* What needs to be done
Reading down the listing below, count the lines where the word "EBoxL" shows up, then give only that count.

* Exercise input
════

(* Let $\mathbf{IL}\mathsf X$ be a Horn logic and $A$ a formula. If a systematic $\mathbf{IL}\mathsf X$-tableau for $\{\neg A\}$ closes, then $A$ is $\mathbf{IL}\mathsf X$-valid, i.e. $M,x\Vdash A$ for every $\mathbf{IL}\mathsf X$-model $M$ and every world $x$ of $M$.
   Context: Formulas: built from a countable set $\mathsf{Prop}$ of propositional variables by $\neg$, $\to$, unary $\Box$ and binary $\rhd$. $\mathbf{IL}$ is the modal logic with axioms all instances of propositional tautologies and the schemes $\Box(A\to B)\to(\Box A\to\Box B)$, $\Box(\Box A\to A)\to\Box A$, $\Box(A\to B)\to A\rhd B$, $(A\rhd B)\wedge(B\rhd C)\to A\rhd C$, $(A\rhd C)\wedge(B\rhd C)\to A\vee B\rhd C$, $A\rhd B\to(\Diamond A\to\Diamond B)$, $\Diamond A\rhd A$ ($\Diamond=\neg\Box\neg$), rules modus ponens and necessitation. An $\mathbf{IL}$-frame is $\langle W,R,S\rangle$ with $W\neq\emptyset$, $R$ transitive and Noetherian (no infinite chains $x_0Rx_1Rx_2\cdots$), $S$ ternary, $yS_xz$ meaning $(x,y,z)\in S$, each $S_x$ a reflexive transitive relation on $\{y:xRy\}$, and $xRyRz\Rightarrow yS_xz$. A model adds a valuation $V$; forcing standard for $\neg,\to$; $x\Vdash\Box A$ iff all $R$-successors force $A$; $x\Vdash A\rhd B$ iff for every $y$ with $xRy$, $y\Vdash A$ there is $z$ with $yS_xz$, $z\Vdash B$. $\mathbf{IL}\mathsf X$ is $\mathbf{IL}$ plus axiom schemes $\mathsf X$; it is Horn if there is a set $\mathcal C_{\mathsf X}$ of strict universal Horn sentences $\forall\cdots\forall(\varphi_1\wedge\dots\wedge\varphi_n\to\psi)$ ($n\ge0$, atomic $\varphi_i,\psi$) in the language $\{R,S\}$ such that an $\mathbf{IL}$-frame validates all theorems of $\mathbf{IL}\mathsf X$ iff it satisfies $\mathcal C_{\mathsf X}$; $\mathbf{IL}\mathsf X$-frames/models are those satisfying $\mathcal C_{\mathsf X}$. Labels: $0$; $\sigma Rn$ for a label $\sigma$, $n\in\mathbb N$; $\sigma S_\rho n$ for labels $\sigma,\rho$ with $\rho$ a strict non-empty prefix of $\sigma$. Extended formulas also allow unary operators $\Box_\rho$, $\rho$ a label. Labelled formula: $\sigma::A$. For a set $\Lambda$ of labels, $\mathbf R^\Lambda,\mathbf S^\Lambda$ are the least relations on $\Lambda$ with: (1) $\sigma,\sigma Rn\in\Lambda\Rightarrow\sigma\mathbf R\,\sigma Rn$; (2) $\mathbf R$ transitive; (3) $\sigma,\rho,\sigma S_\rho n\in\Lambda\Rightarrow\sigma\mathbf S_\rho\,\sigma S_\rho n$; (4) $\sigma\mathbf R\tau\Rightarrow\tau\mathbf S_\sigma\tau$; (5) $\rho\mathbf R\sigma\mathbf R\tau\Rightarrow\sigma\mathbf S_\rho\tau$; (6) $\sigma\mathbf S_\rho\tau\mathbf S_\rho\upsilon\Rightarrow\sigma\mathbf S_\rho\upsilon$; (7) $\sigma\mathbf S_\rho\tau\Rightarrow\rho\mathbf R\sigma,\rho\mathbf R\tau$; (8) $\langle\Lambda,\mathbf R^\Lambda,\mathbf S^\Lambda\rangle\models\mathcal C_{\mathsf X}$ (where $\sigma\mathbf S_\rho\tau$ means $(\rho,\sigma,\tau)\in\mathbf S^\Lambda$). For a branch $\mathcal B$, $\mathrm{lab}(\mathcal B)$ is the set of labels on it and relations refer to $\mathbf R^{\mathrm{lab}(\mathcal B)},\mathbf S^{\mathrm{lab}(\mathcal B)}$. A branch is closed if it contains $\sigma::A$ and $\sigma::\neg A$ for some $\sigma,A$, otherwise open. Systematic $\mathbf{IL}\mathsf X$-tableau for finite $\Gamma$: built in stages $T_0\subseteq T_1\subseteq\cdots$, nodes marked awake, asleep or finished. Stage 0: nodes $0::A$, $A\in\Gamma$, one below another, all awake. Stage $n+1$: choose an awake node $\sigma::A$ closest to the root (leftmost among ties). If $A$ is $p$ or $\neg p$ ($p\in\mathsf{Prop}$), mark it finished. Otherwise (new nodes marked awake; "extend" = append at the bottom): $\neg\neg B$: extend each open branch through it with $\sigma::B$; finished. $B\to C$: split each open branch through it, left $\sigma::\neg B$, right $\sigma::C$; finished. $\neg(B\to C)$: extend with $\sigma::B,\sigma::\neg C$; finished. $\Box B$: for each open branch $\mathcal B$ through it and each $\tau\in\mathrm{lab}(\mathcal B)$ with $\sigma\mathbf R\tau$, extend with $\tau::B$; asleep. $\neg\Box B$: for each open branch $\mathcal B$ through it, $n$ least with $\sigma Rn\notin\mathrm{lab}(\mathcal B)$, extend with $\sigma Rn::\neg B,\sigma Rn::\Box B$; finished; also mark awake every node $\tau::\Box D$, $\tau::D\rhd E$ on $\mathcal B$ with $\tau\mathbf R\,\sigma Rn$ and every $\tau::\Box_\kappa D$ on $\mathcal B$ with $\tau\mathbf S_\kappa\,\sigma Rn$. $\Box_\rho B$: for each branch $\mathcal B$ through it and each $\tau\in\mathrm{lab}(\mathcal B)$ with $\sigma\mathbf S_\rho\tau$, extend with $\tau::B$; asleep. $\neg\Box_\rho B$: for each open branch, $n$ least with $\sigma S_\rho n\notin\mathrm{lab}(\mathcal B)$, extend with $\sigma S_\rho n::\neg B,\sigma S_\rho n::\Box B$; finished; reawaken as in the $\neg\Box$ case with new label $\sigma S_\rho n$. $B\rhd C$: for each open branch $\mathcal B$ through it and each $\tau\in\mathrm{lab}(\mathcal B)$ with $\sigma\mathbf R\tau$, split, left $\tau::\neg B$, right $\tau::\neg\Box_\sigma\neg C$; asleep. $\neg(B\rhd C)$: for each open branch, $n$ least with $\sigma Rn\notin\mathrm{lab}(\mathcal B)$, extend with $\sigma Rn::B,\sigma Rn::\Box_\sigma\neg C,\sigma Rn::\Box\neg B$; finished; reawaken as in the $\neg\Box$ case. The systematic tableau is $\bigcup_iT_i$; it closes if all its branches are closed. *)

theory Defs
  imports Main "HOL-Library.Sublist"
begin

datatype fm = Var nat | Neg fm | Imp fm fm | Box fm | Rhd fm fm

definition And :: "fm \<Rightarrow> fm \<Rightarrow> fm" where "And A B = Neg (Imp A (Neg B))"
definition Or :: "fm \<Rightarrow> fm \<Rightarrow> fm" where "Or A B = Imp (Neg A) B"
definition Dia :: "fm \<Rightarrow> fm" where "Dia A = Neg (Box (Neg A))"

(* S x y z  means  y S_x z, i.e. (x,y,z) \<in> S *)
definition IL_frame :: "'w set \<Rightarrow> ('w \<Rightarrow> 'w \<Rightarrow> bool) \<Rightarrow> ('w \<Rightarrow> 'w \<Rightarrow> 'w \<Rightarrow> bool) \<Rightarrow> bool" where
  "IL_frame W R S \<longleftrightarrow>
     W \<noteq> {} \<and>
     (\<forall>x y. R x y \<longrightarrow> x \<in> W \<and> y \<in> W) \<and>
     (\<forall>x y z. R x y \<longrightarrow> R y z \<longrightarrow> R x z) \<and>
     \<not> (\<exists>f :: nat \<Rightarrow> 'w. \<forall>i. R (f i) (f (Suc i))) \<and>
     (\<forall>x y z. S x y z \<longrightarrow> x \<in> W \<and> R x y \<and> R x z) \<and>
     (\<forall>x y. R x y \<longrightarrow> S x y y) \<and>
     (\<forall>x y z u. S x y z \<longrightarrow> S x z u \<longrightarrow> S x y u) \<and>
     (\<forall>x y z. R x y \<longrightarrow> R y z \<longrightarrow> S x y z)"

fun forces :: "('w \<Rightarrow> 'w \<Rightarrow> bool) \<Rightarrow> ('w \<Rightarrow> 'w \<Rightarrow> 'w \<Rightarrow> bool) \<Rightarrow> (nat \<Rightarrow> 'w \<Rightarrow> bool)
                 \<Rightarrow> 'w \<Rightarrow> fm \<Rightarrow> bool" where
  "forces R S V x (Var p) = V p x"
| "forces R S V x (Neg A) = (\<not> forces R S V x A)"
| "forces R S V x (Imp A B) = (forces R S V x A \<longrightarrow> forces R S V x B)"
| "forces R S V x (Box A) = (\<forall>y. R x y \<longrightarrow> forces R S V y A)"
| "forces R S V x (Rhd A B) =
     (\<forall>y. R x y \<longrightarrow> forces R S V y A \<longrightarrow> (\<exists>z. S x y z \<and> forces R S V z B))"

definition frame_valid :: "'w set \<Rightarrow> ('w \<Rightarrow> 'w \<Rightarrow> bool) \<Rightarrow> ('w \<Rightarrow> 'w \<Rightarrow> 'w \<Rightarrow> bool) \<Rightarrow> fm \<Rightarrow> bool" where
  "frame_valid W R S A \<longleftrightarrow> (\<forall>V. \<forall>x\<in>W. forces R S V x A)"

(* propositional evaluation: modal subformulas are treated as atoms *)
fun peval :: "(fm \<Rightarrow> bool) \<Rightarrow> fm \<Rightarrow> bool" where
  "peval I (Var p) = I (Var p)"
| "peval I (Neg A) = (\<not> peval I A)"
| "peval I (Imp A B) = (peval I A \<longrightarrow> peval I B)"
| "peval I (Box A) = I (Box A)"
| "peval I (Rhd A B) = I (Rhd A B)"

(* instances of propositional tautologies *)
definition taut :: "fm \<Rightarrow> bool" where "taut A \<longleftrightarrow> (\<forall>I. peval I A)"

fun subst :: "(nat \<Rightarrow> fm) \<Rightarrow> fm \<Rightarrow> fm" where
  "subst s (Var p) = s p"
| "subst s (Neg A) = Neg (subst s A)"
| "subst s (Imp A B) = Imp (subst s A) (subst s B)"
| "subst s (Box A) = Box (subst s A)"
| "subst s (Rhd A B) = Rhd (subst s A) (subst s B)"

(* X is a set of axiom schemes; its instances are all substitution instances *)
inductive ILX_thm :: "fm set \<Rightarrow> fm \<Rightarrow> bool" for X where
  tautI: "taut A \<Longrightarrow> ILX_thm X A"
| K: "ILX_thm X (Imp (Box (Imp A B)) (Imp (Box A) (Box B)))"
| L: "ILX_thm X (Imp (Box (Imp (Box A) A)) (Box A))"
| J1: "ILX_thm X (Imp (Box (Imp A B)) (Rhd A B))"
| J2: "ILX_thm X (Imp (And (Rhd A B) (Rhd B C)) (Rhd A C))"
| J3: "ILX_thm X (Imp (And (Rhd A C) (Rhd B C)) (Rhd (Or A B) C))"
| J4: "ILX_thm X (Imp (Rhd A B) (Imp (Dia A) (Dia B)))"
| J5: "ILX_thm X (Rhd (Dia A) A)"
| Xax: "B \<in> X \<Longrightarrow> ILX_thm X (subst s B)"
| MP: "ILX_thm X (Imp A B) \<Longrightarrow> ILX_thm X A \<Longrightarrow> ILX_thm X B"
| Nec: "ILX_thm X A \<Longrightarrow> ILX_thm X (Box A)"

definition frame_validates_ILX :: "fm set \<Rightarrow> 'w set \<Rightarrow> ('w \<Rightarrow> 'w \<Rightarrow> bool) \<Rightarrow> ('w \<Rightarrow> 'w \<Rightarrow> 'w \<Rightarrow> bool) \<Rightarrow> bool" where
  "frame_validates_ILX X W R S \<longleftrightarrow> (\<forall>A. ILX_thm X A \<longrightarrow> frame_valid W R S A)"

(* variables are natural numbers; HS i j k stands for the atom S(v_i,v_j,v_k),
   i.e. v_j S_{v_i} v_k *)
datatype hatom = HR nat nat | HS nat nat nat

(* a strict universal Horn sentence: (list of premises, conclusion), universally closed *)
type_synonym horn = "hatom list \<times> hatom"

fun hholds :: "('w \<Rightarrow> 'w \<Rightarrow> bool) \<Rightarrow> ('w \<Rightarrow> 'w \<Rightarrow> 'w \<Rightarrow> bool) \<Rightarrow> (nat \<Rightarrow> 'w) \<Rightarrow> hatom \<Rightarrow> bool" where
  "hholds R S v (HR i j) = R (v i) (v j)"
| "hholds R S v (HS i j k) = S (v i) (v j) (v k)"

definition horn_sat :: "horn set \<Rightarrow> 'w set \<Rightarrow> ('w \<Rightarrow> 'w \<Rightarrow> bool) \<Rightarrow> ('w \<Rightarrow> 'w \<Rightarrow> 'w \<Rightarrow> bool) \<Rightarrow> bool" where
  "horn_sat C W R S \<longleftrightarrow>
     (\<forall>h\<in>C. \<forall>v. (\<forall>i. v i \<in> W) \<longrightarrow> (\<forall>a\<in>set (fst h). hholds R S v a) \<longrightarrow> hholds R S v (snd h))"

definition ILX_model :: "horn set \<Rightarrow> 'w set \<Rightarrow> ('w \<Rightarrow> 'w \<Rightarrow> bool) \<Rightarrow> ('w \<Rightarrow> 'w \<Rightarrow> 'w \<Rightarrow> bool)
                          \<Rightarrow> (nat \<Rightarrow> 'w \<Rightarrow> bool) \<Rightarrow> bool" where
  "ILX_model C W R S V \<longleftrightarrow> IL_frame W R S \<and> horn_sat C W R S"

(* Root = 0;  LR \<sigma> n = \<sigma>Rn;  LS \<sigma> \<rho> n = \<sigma>S_\<rho>n *)
datatype label = Root | LR label nat | LS label label nat

(* extended formulas: additionally Box_\<rho> (EBoxL \<rho> B) *)
datatype efm = EVar nat | ENeg efm | EImp efm efm | EBox efm | ERhd efm efm | EBoxL label efm

fun emb :: "fm \<Rightarrow> efm" where
  "emb (Var p) = EVar p"
| "emb (Neg A) = ENeg (emb A)"
| "emb (Imp A B) = EImp (emb A) (emb B)"
| "emb (Box A) = EBox (emb A)"
| "emb (Rhd A B) = ERhd (emb A) (emb B)"

(* RA \<sigma> \<tau>: \<sigma> R \<tau>;   SA \<rho> \<sigma> \<tau>: \<sigma> S_\<rho> \<tau>, i.e. (\<rho>,\<sigma>,\<tau>) \<in> S *)
datatype ratom = RA label label | SA label label label

fun hinst :: "(nat \<Rightarrow> label) \<Rightarrow> hatom \<Rightarrow> ratom" where
  "hinst v (HR i j) = RA (v i) (v j)"
| "hinst v (HS i j k) = SA (v i) (v j) (v k)"

inductive lrel :: "label set \<Rightarrow> horn set \<Rightarrow> ratom \<Rightarrow> bool" for \<Lambda> C where
  c1: "\<sigma> \<in> \<Lambda> \<Longrightarrow> LR \<sigma> n \<in> \<Lambda> \<Longrightarrow> lrel \<Lambda> C (RA \<sigma> (LR \<sigma> n))"
| c2: "lrel \<Lambda> C (RA a b) \<Longrightarrow> lrel \<Lambda> C (RA b c) \<Longrightarrow> lrel \<Lambda> C (RA a c)"
| c3: "\<sigma> \<in> \<Lambda> \<Longrightarrow> \<rho> \<in> \<Lambda> \<Longrightarrow> LS \<sigma> \<rho> n \<in> \<Lambda> \<Longrightarrow> lrel \<Lambda> C (SA \<rho> \<sigma> (LS \<sigma> \<rho> n))"
| c4: "lrel \<Lambda> C (RA \<sigma> \<tau>) \<Longrightarrow> lrel \<Lambda> C (SA \<sigma> \<tau> \<tau>)"
| c5: "lrel \<Lambda> C (RA \<rho> \<sigma>) \<Longrightarrow> lrel \<Lambda> C (RA \<sigma> \<tau>) \<Longrightarrow> lrel \<Lambda> C (SA \<rho> \<sigma> \<tau>)"
| c6: "lrel \<Lambda> C (SA \<rho> \<sigma> \<tau>) \<Longrightarrow> lrel \<Lambda> C (SA \<rho> \<tau> \<upsilon>) \<Longrightarrow> lrel \<Lambda> C (SA \<rho> \<sigma> \<upsilon>)"
| c7a: "lrel \<Lambda> C (SA \<rho> \<sigma> \<tau>) \<Longrightarrow> lrel \<Lambda> C (RA \<rho> \<sigma>)"
| c7b: "lrel \<Lambda> C (SA \<rho> \<sigma> \<tau>) \<Longrightarrow> lrel \<Lambda> C (RA \<rho> \<tau>)"
| c8: "h \<in> C \<Longrightarrow> (\<forall>i. v i \<in> \<Lambda>) \<Longrightarrow> (\<forall>a\<in>set (fst h). lrel \<Lambda> C (hinst v a))
        \<Longrightarrow> lrel \<Lambda> C (hinst v (snd h))"

datatype mark = Awake | Asleep | Finished

(* a tableau: a finite tree, nodes addressed by positions (paths of child indices);
   a node with one child has it at p@[0], a split node has children p@[0], p@[1] *)
type_synonym tableau = "nat list \<Rightarrow> (label \<times> efm \<times> mark) option"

════

* Result of the exercise
2